Thirty days later, on March 26, 2014, Plaintiff filed an Amended Complaint. Doc. 16. This Amended Complaint was stricken because it "add[ed] nothing factually or otherwise that would support a direct claim against Defendant King for Plaintiff's alleged damages resulting from his arrest by the City of Albuquerque and subsequent detention . . . ." Doc. 22.
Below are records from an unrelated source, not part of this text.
lemma weight_part_vanishes:
  assumes "y \<in> Z"
  shows "weight_part d c w y = 0"
proof (cases "w < 5")
  case True
  show ?thesis
  proof (rule zeta5_vandermonde[OF _ True])
    fix n :: nat
    have "(zeta5 ^ n) ^ 5 = (zeta5 ^ 5) ^ n" by (simp only: power_mult[symmetric] mult.commute)
    then have "(zeta5 ^ n) ^ 5 = 1" by (simp add: zeta5_pow_5)
    moreover have "twist (zeta5 ^ n) y \<in> Z" using twist_mem[OF assms] .
    ultimately show "(\<Sum>w<5. weight_part d c w y * (zeta5 ^ n) ^ w) = 0"
      by (simp add: zero_set hpoly_twist)
  qed
qed (simp add: weight_part_eq_0_if_ge_5)

lemma axis_mem_if_line_rotates:
  assumes "p \<noteq> q" "1 \<le> d" "d < 5"
    and rotate: "\<And>t. axis p 1 + t *s axis q 1 \<in> Z \<Longrightarrow> axis p 1 + (zeta5 * t) *s axis q 1 \<in> Z"
  shows "axis p 1 \<in> Z \<or> axis q 1 \<in> Z"
proof (rule disjCI)
  assume "axis q 1 \<notin> Z"
  define a where "a j = c (\<lambda>i. if i = p then d - j else if i = q then j else 0)" for j
  have line: "axis p 1 + t *s axis q 1 \<in> Z \<longleftrightarrow> (\<Sum>j\<le>d. a j * t ^ j) = 0" for t
    by (simp add: zero_set hpoly_coordinate_line[OF assms(1)] a_def)
  have "(\<lambda>i. if i = p then d - d else if i = q then d else 0) = (\<lambda>i. if i = q then d else 0)"
    using assms(1) by (auto simp: fun_eq_iff)
  with \<open>axis q 1 \<notin> Z\<close> have "a d \<noteq> 0" by (simp add: zero_set hpoly_axis a_def)
  then obtain t where "(\<Sum>j\<le>d. a j * t ^ j) = 0" using exists_root[OF assms(2)] by blast
  then have "axis p 1 + (zeta5 ^ n * t) *s axis q 1 \<in> Z" for n
    by (induction n) (use line rotate in \<open>auto simp: mult.assoc\<close>)
  with line have "a 0 = 0" by (intro coeff_0_eq_0_if_vanishes_on_zeta5_orbit[OF assms(3)]) blast
  then show "axis p 1 \<in> Z" by (simp add: zero_set hpoly_axis a_def cong: if_cong)
qed

lemma axis_mem:
  assumes "1 \<le> d" "d < 5"
  shows "axis j 1 \<in> Z"
proof -
  have rotate: "axis p 1 + (zeta5 * t) *s axis q 1 \<in> Z"
    if "twist (zeta5 ^ n) (axis p 1 + t *s axis q 1) = zeta5^2 *s (axis p 1 + (zeta5 * t) *s axis q 1)"
      and "axis p 1 + t *s axis q 1 \<in> Z" for p q t n
  proof -
    have "zeta5^2 *s (axis p 1 + (zeta5 * t) *s axis q 1) \<in> Z"
      using twist_mem[OF that(2), of n] by (simp only: that(1))
    then show ?thesis using scale_mem_iff[of "zeta5^2"] power_not_zero[OF zeta5_neq_0] by blast
  qed
  have twist_14: "twist (zeta5 ^ 3) (axis 1 1 + t *s axis 4 1) = zeta5^2 *s (axis 1 1 + (zeta5 * t) *s axis 4 1)"
    for t using zeta5_pow_5 by (simp add: twist_def vec_eq_iff forall_4 axis_def) algebra
  have twist_23: "twist (zeta5 ^ 4) (axis 2 1 + t *s axis 3 1) = zeta5^2 *s (axis 2 1 + (zeta5 * t) *s axis 3 1)"
    for t using zeta5_pow_5 by (simp add: twist_def vec_eq_iff forall_4 axis_def) algebra
  have "axis 1 1 \<in> Z \<or> axis 4 1 \<in> Z"
    using assms by (intro axis_mem_if_line_rotates rotate[OF twist_14]) simp_all
  moreover have "axis 2 1 \<in> Z \<or> axis 3 1 \<in> Z"
    using assms by (intro axis_mem_if_line_rotates rotate[OF twist_23]) simp_all
  moreover have "axis 1 1 \<in> Z \<longleftrightarrow> axis 4 1 \<in> Z" "axis 2 1 \<in> Z \<longleftrightarrow> axis 3 1 \<in> Z"
    using sym3_mem[OF swap_element_mem, of "axis 1 1"] sym3_mem[OF swap_element_mem, of "axis 2 1"]
      sym3_mem[OF swap_element_mem, of "axis 3 1"] sym3_mem[OF swap_element_mem, of "axis 4 1"]
    by (auto simp: swap_element_eq sym3_antidiagonal scale_mem_iff uminus_mem_iff zeta5_neq_0)
  ultimately show ?thesis using exhaust_4[of j] by auto
qed

lemma weight_part_vanishes_at_T_image:
  assumes "axis j 1 \<in> Z"
  shows "weight_part d c w (sym3 (mat2 (- golden) 1 1 golden) (axis j 1)) = 0"
proof -
  have "bi_T_scale^3 *s sym3 (mat2 (- golden) 1 1 golden) (axis j 1) \<in> Z"
    using sym3_mem[OF bi_T_mem assms] by (simp add: sym3_bi_T)
  from weight_part_vanishes[OF this] show ?thesis
    using bi_T_scale_neq_0 by (simp add: weight_part_scale)
qed

end

section \<open>Forms of degree at most three\<close>

definition exps :: "nat \<Rightarrow> nat \<Rightarrow> nat \<Rightarrow> nat \<Rightarrow> 4 \<Rightarrow> nat" where
  "exps a b c e = (\<lambda>i. if i = 1 then a else if i = 2 then b else if i = 3 then c else e)"

lemma exps_nth [simp]: "exps a b c e 1 = a" "exps a b c e 2 = b" "exps a b c e 3 = c" "exps a b c e 4 = e"
  by (simp_all add: exps_def)

lemma exps_eta: "exps (\<alpha> 1) (\<alpha> 2) (\<alpha> 3) (\<alpha> 4) = \<alpha>"
  by (simp add: fun_eq_iff forall_4)

lemma sum_monomial_exps:
  "(\<Sum>\<alpha>\<in>monomial_exps d. g \<alpha>) = (\<Sum>a\<le>d. \<Sum>b\<le>d-a. \<Sum>c\<le>d-a-b. g (exps a b c (d-a-b-c)))"
proof -
  let ?T = "Sigma {..d} (\<lambda>a. Sigma {..d-a} (\<lambda>b. {..d-a-b}))"
  have "(\<Sum>\<alpha>\<in>monomial_exps d. g \<alpha>) = (\<Sum>(a, b, c)\<in>?T. g (exps a b c (d-a-b-c)))"
  proof (rule sum.reindex_bij_witness[where j = "\<lambda>\<alpha>. (\<alpha> 1, \<alpha> 2, \<alpha> 3)"
        and i = "\<lambda>(a, b, c). exps a b c (d-a-b-c)"])
    fix \<alpha> assume "\<alpha> \<in> monomial_exps d"
    then have sum: "\<alpha> 1 + \<alpha> 2 + \<alpha> 3 + \<alpha> 4 = d" by (simp add: monomial_exps_def sum_4)
    then have eq: "exps (\<alpha> 1) (\<alpha> 2) (\<alpha> 3) (d - \<alpha> 1 - \<alpha> 2 - \<alpha> 3) = \<alpha>"
      using exps_eta[of \<alpha>] by (metis add_diff_cancel_left' diff_diff_left)
    then show "(case (\<alpha> 1, \<alpha> 2, \<alpha> 3) of (a, b, c) \<Rightarrow> exps a b c (d-a-b-c)) = \<alpha>" by simp
    show "(\<alpha> 1, \<alpha> 2, \<alpha> 3) \<in> ?T" using sum by auto
    show "(case (\<alpha> 1, \<alpha> 2, \<alpha> 3) of (a, b, c) \<Rightarrow> g (exps a b c (d-a-b-c))) = g \<alpha>" using eq by simp
  next
    fix t assume "t \<in> ?T"
    then show "(case t of (a, b, c) \<Rightarrow> exps a b c (d-a-b-c)) \<in> monomial_exps d"
      and "(\<lambda>\<alpha>. (\<alpha> 1, \<alpha> 2, \<alpha> 3)) (case t of (a, b, c) \<Rightarrow> exps a b c (d-a-b-c)) = t"
      by (auto simp: monomial_exps_def sum_4)
  qed
  also have "\<dots> = (\<Sum>a\<le>d. \<Sum>b\<le>d-a. \<Sum>c\<le>d-a-b. g (exps a b c (d-a-b-c)))"
    by (simp add: sum.Sigma)
  finally show ?thesis .
qed

lemmas hpoly_expand = hpoly_def weight_part_def sum_monomial_exps monomial_def prod_4 twist_weight_def
  atMost_nat_numeral atMost_Suc[of 0, simplified]

lemma linear_form_eq_0:
  assumes "\<And>j. hpoly 1 c (axis j 1) = 0"
  shows "hpoly 1 c x = 0"
  using assms[of 1] assms[of 2] assms[of 3] assms[of 4]
  by (simp add: hpoly_expand axis_def)

lemma quadric_eq_0:
  assumes golden: "\<phi>^2 = \<phi> + 1"
    and axes: "\<And>j. hpoly 2 c (axis j 1) = 0"
    and T_images: "\<And>j w. weight_part 2 c w (sym3 (mat2 (-\<phi>) 1 1 \<phi>) (axis j 1)) = 0"
  shows "hpoly 2 c x = 0"
proof -
  have pure: "c (exps 2 0 0 0) = 0" "c (exps 0 2 0 0) = 0" "c (exps 0 0 2 0) = 0" "c (exps 0 0 0 2) = 0"
    using axes[of 1] axes[of 2] axes[of 3] axes[of 4] by (simp_all add: hpoly_expand axis_def)
  note W = T_images[where j = 1] T_images[where j = 2] T_images[where j = 3] T_images[where j = 4]
  (* One linear system per weight class: four equations in at most four unknowns. *)
  have "c (exps 1 0 0 1) = 0 \<and> c (exps 0 1 1 0) = 0"
    using golden W[where w = 0] by (simp add: hpoly_expand sym3_mat2 axis_def) algebra
  moreover have "c (exps 1 0 1 0) = 0"
    using golden pure W[where w = 1] by (simp add: hpoly_expand sym3_mat2 axis_def) algebra
  moreover have "c (exps 1 1 0 0) = 0"
    using golden pure W[where w = 2] by (simp add: hpoly_expand sym3_mat2 axis_def) algebra
  moreover have "c (exps 0 0 1 1) = 0"
    using golden pure W[where w = 3] by (simp add: hpoly_expand sym3_mat2 axis_def) algebra
  moreover have "c (exps 0 1 0 1) = 0"
    using golden pure W[where w = 4] by (simp add: hpoly_expand sym3_mat2 axis_def) algebra
  ultimately show ?thesis using pure by (simp add: hpoly_expand)
qed

lemma cubic_eq_0:
  assumes golden: "\<phi>^2 = \<phi> + 1"
    and axes: "\<And>j. hpoly 3 c (axis j 1) = 0"
    and T_images: "\<And>j w. weight_part 3 c w (sym3 (mat2 (-\<phi>) 1 1 \<phi>) (axis j 1)) = 0"
  shows "hpoly 3 c x = 0"
proof -
  have pure: "c (exps 3 0 0 0) = 0" "c (exps 0 3 0 0) = 0" "c (exps 0 0 3 0) = 0" "c (exps 0 0 0 3) = 0"
    using axes[of 1] axes[of 2] axes[of 3] axes[of 4] by (simp_all add: hpoly_expand axis_def)
  note W = T_images[where j = 1] T_images[where j = 2] T_images[where j = 3] T_images[where j = 4]
  have "c (exps 2 0 1 0) = 0 \<and> c (exps 1 2 0 0) = 0 \<and> c (exps 0 1 0 2) = 0 \<and> c (exps 0 0 2 1) = 0"
    using golden W[where w = 0] by (simp add: hpoly_expand sym3_mat2 axis_def) algebra
  moreover have "c (exps 2 1 0 0) = 0 \<and> c (exps 1 0 0 2) = 0 \<and> c (exps 0 1 1 1) = 0"
    using golden pure W[where w = 1] by (simp add: hpoly_expand sym3_mat2 axis_def) algebra
  moreover have "c (exps 1 0 1 1) = 0 \<and> c (exps 0 2 0 1) = 0 \<and> c (exps 0 1 2 0) = 0"
    using golden pure W[where w = 2] by (simp add: hpoly_expand sym3_mat2 axis_def) algebra
  moreover have "c (exps 1 1 0 1) = 0 \<and> c (exps 1 0 2 0) = 0 \<and> c (exps 0 2 1 0) = 0"
    using golden pure W[where w = 3] by (simp add: hpoly_expand sym3_mat2 axis_def) algebra
  moreover have "c (exps 2 0 0 1) = 0 \<and> c (exps 1 1 1 0) = 0 \<and> c (exps 0 0 1 2) = 0"
    using golden pure W[where w = 4] by (simp add: hpoly_expand sym3_mat2 axis_def) algebra
  ultimately show ?thesis using pure by (simp add: hpoly_expand)
qed

theorem lemma3p3:
  shows "\<not> (\<exists>d Z. d \<le> 3 \<and> surface_of_degree d Z \<and> A5_invariant Z)"
proof
  assume "\<exists>d Z. d \<le> 3 \<and> surface_of_degree d Z \<and> A5_invariant Z"
  then obtain d Z f where d: "1 \<le> d" "d \<le> 3" and "homogeneous_poly d f" "f \<noteq> (\<lambda>_. 0)"
    and Z: "Z = {x. f x = 0}" "A5_invariant Z"
    unfolding surface_of_degree_def by blast
  then obtain c where f: "f = hpoly d c" "hpoly d c \<noteq> (\<lambda>_. 0)"
    by (auto simp: homogeneous_poly_iff)
  interpret invariant_hypersurface d c Z
    using Z by unfold_locales (simp_all add: f)
  have axes: "hpoly d c (axis j 1) = 0" for j
    using axis_mem[of j] d zero_set by auto
  have T_images: "weight_part d c w (sym3 (mat2 (- golden) 1 1 golden) (axis j 1)) = 0" for j w
    using weight_part_vanishes_at_T_image axis_mem d by simp
  from d have "d = 1 \<or> d = 2 \<or> d = 3" by auto
  then have "hpoly d c x = 0" for x
    using linear_form_eq_0 quadric_eq_0[OF golden_sq] cubic_eq_0[OF golden_sq] axes T_images by auto
  with f show False by auto
qed

end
On May 15, 2014, Defendant Rustin filed a Motion to Dismiss Plaintiff's original Complaint, asserting that it failed to state a claim against him. Doc. 23. On December 22, 2014, Plaintiff filed a Motion to Amend the Complaint, seeking to add a number of defendants. Doc. 25. Defendant Rustin filed responses, opposing the Motion to Amend on the grounds that it is untimely and futile as to Defendant Rustin. Doc. 27.
II. FACTUAL ALLEGATIONS
A. ORIGINAL COMPLAINT
Plaintiff's initial Complaint alleges that he was arrested by Defendant Sennett on May 20, 2013. Doc. 1 at 2. He was then taken to the Metropolitan Detention Center ("MDC") where MDC staff, whom Plaintiff labels collectively as "DOE," "detained and monitored" him. Id. Plaintiff was released by MDC staff on July 11, 2013. Id. He alleges he was "never transported . . . to court." Id. He "was never prosecuted." Id. He states that he "was incarcerated against his will without getting transported to the court of law for his release." Id. at 3. The failure to transport him to court "violated the plaintiff's Rights secured under the United States Constitution." Id. Plaintiff identifies "his Constitutional Right to a speedy and a public trial as secured by the Sixth Amendment of the United States Constitution." Id. He names as Defendants 1) Allan Banks; 2) Harold Sennett; 3) Ramon Rustin; 4) "DOE," or the staff at MDC; and 5) Gary King.
B. AMENDED COMPLAINT
Plaintiff's Amended Complaint raises a Fourteenth Amendment Due Process claim—rather than a Sixth Amendment claim—for the same events outlined in his original Complaint. Doc. 25. The Amended Complaint names Defendants Sennett and Rustin and adds as defendants 1) Bernalillo County District Attorney, Kari Brandenberg; 2) the County of Bernalillo ("County"); 3) the City of Albuquerque ("City"); 4) the Metropolitan Detention Center ("MDC"); and 5) the Albuquerque Police Department ("APD"). Doc. 25.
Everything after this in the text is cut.